lemma eventually_lower_product:
  assumes "0 < V i 0 \<or> 0 < P i 0" and "0 < \<eta>" "\<eta> \<le> 1 / 2"
  shows "\<forall>\<^sub>F t in at_top. \<forall>j. \<bar>j\<bar> \<le> J \<longrightarrow> \<beta> / \<alpha> * (1 - \<eta>)^5 \<le> V j t \<and> (1 - \<eta>)^3 \<le> P j t"
proof -
  obtain \<theta> \<mu> a where "0 < \<theta>" "0 < \<mu>" and a: "\<beta> / \<alpha> * (1 - \<eta>)^2 \<le> a"
    and bump: "\<And>x. \<bar>x\<bar> \<le> \<bar>real_of_int J\<bar> + 1 \<Longrightarrow> 1 - \<eta> \<le> cos_bump \<theta> x"
    and sub: "\<And>\<kappa> \<kappa>' t0. (\<And>t. (\<kappa> has_real_derivative \<kappa>' t) (at t)) \<Longrightarrow> (\<And>t. 0 < \<kappa> t) \<Longrightarrow>
       (\<And>t. \<kappa> t \<le> 1 - \<eta>) \<Longrightarrow> (\<And>t. \<kappa>' t \<le> \<mu> * \<kappa> t) \<Longrightarrow>
       sub_solution t0 (\<lambda>j t. \<kappa> t * a * cos_bump \<theta> (j + 1 / 2)) (\<lambda>j t. \<kappa> t * cos_bump \<theta> j)"
    using cos_bump_sub_solution[OF \<open>0 < \<eta>\<close> \<open>\<eta> \<le> 1 / 2\<close>, of "\<bar>real_of_int J\<bar> + 1"] by blast
  have "0 \<le> \<beta> / \<alpha> * (1 - \<eta>)^2"
    using alpha_pos beta_pos by simp
  with a have "0 \<le> a"
    by linarith
  obtain \<kappa>0 where "0 < \<kappa>0" "\<kappa>0 \<le> 1 - \<eta>"
    and init: "\<And>j. \<kappa>0 * a * cos_bump \<theta> (j + 1 / 2) \<le> V j 1 \<and> \<kappa>0 * cos_bump \<theta> j \<le> P j 1"
    using bump_fits_below[OF assms(1) \<open>0 < \<theta>\<close> \<open>0 \<le> a\<close>, of "1 - \<eta>"] \<open>\<eta> \<le> 1 / 2\<close> by auto
  obtain \<kappa> \<kappa>' where \<kappa>: "\<And>t. (\<kappa> has_real_derivative \<kappa>' t) (at t)" "\<And>t. 0 < \<kappa> t"
    "\<And>t. \<kappa> t \<le> 1 - \<eta>" "\<And>t. \<kappa>' t \<le> \<mu> * \<kappa> t" and "\<kappa> 1 = \<kappa>0"
    and \<kappa>_lim: "(\<kappa> \<longlongrightarrow> 1 - \<eta>) at_top"
    using logistic_curve[OF \<open>0 < \<kappa>0\<close> \<open>\<kappa>0 \<le> 1 - \<eta>\<close> \<open>0 < \<mu>\<close>, of 1] by blast
  have below: "\<kappa> t * a * cos_bump \<theta> (j + 1 / 2) \<le> V j t \<and> \<kappa> t * cos_bump \<theta> j \<le> P j t"
    if "1 \<le> t" for j t
    using comparison[OF sub[OF \<kappa>] solution_super_solution[of 1]] init \<open>\<kappa> 1 = \<kappa>0\<close> that by simp
  have "\<forall>\<^sub>F t in at_top. (1 - \<eta>)^2 < \<kappa> t"
    using \<open>0 < \<eta>\<close> \<open>\<eta> \<le> 1 / 2\<close> by (intro order_tendstoD(1)[OF \<kappa>_lim]) (simp add: power2_eq_square)
  then show ?thesis
    using eventually_ge_at_top[of 1]
  proof eventually_elim
    case (elim t)
    show ?case
    proof (intro allI impI)
      fix j :: int assume "\<bar>j\<bar> \<le> J"
      then have "1 - \<eta> \<le> cos_bump \<theta> (j + 1 / 2)" "1 - \<eta> \<le> cos_bump \<theta> j"
        by (auto intro!: bump)
      have "0 \<le> 1 - \<eta>"
        using \<open>\<eta> \<le> 1 / 2\<close> by simp
      have "(1 - \<eta>)^2 * (1 - \<eta>) \<le> \<kappa> t * cos_bump \<theta> j"
        using elim(1) \<open>1 - \<eta> \<le> cos_bump \<theta> j\<close> \<open>0 \<le> 1 - \<eta>\<close> \<kappa>(2)[of t]
        by (intro mult_mono) auto
      moreover have "(1 - \<eta>)^2 * (\<beta> / \<alpha> * (1 - \<eta>)^2) * (1 - \<eta>) \<le> \<kappa> t * a * cos_bump \<theta> (j + 1 / 2)"
        using elim(1) a \<open>1 - \<eta> \<le> cos_bump \<theta> (j + 1 / 2)\<close> \<open>0 \<le> 1 - \<eta>\<close> \<kappa>(2)[of t] \<open>0 \<le> a\<close>
          alpha_pos beta_pos by (intro mult_mono) auto
      moreover have "(1 - \<eta>)^2 * (1 - \<eta>) = (1 - \<eta>)^3"
        "(1 - \<eta>)^2 * (\<beta> / \<alpha> * (1 - \<eta>)^2) * (1 - \<eta>) = \<beta> / \<alpha> * (1 - \<eta>)^5"
        by (simp_all add: eval_nat_numeral mult_ac)
      ultimately show "\<beta> / \<alpha> * (1 - \<eta>)^5 \<le> V j t \<and> (1 - \<eta>)^3 \<le> P j t"
        using below[OF elim(2), of j] by linarith
    qed
  qed
qed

______________________________

Among the lines above, find the ones containing "auto" and copy them.

**Output below**
    using bump_fits_below[OF assms(1) \<open>0 < \<theta>\<close> \<open>0 \<le> a\<close>, of "1 - \<eta>"] \<open>\<eta> \<le> 1 / 2\<close> by auto
        by (auto intro!: bump)
        by (intro mult_mono) auto
          alpha_pos beta_pos by (intro mult_mono) auto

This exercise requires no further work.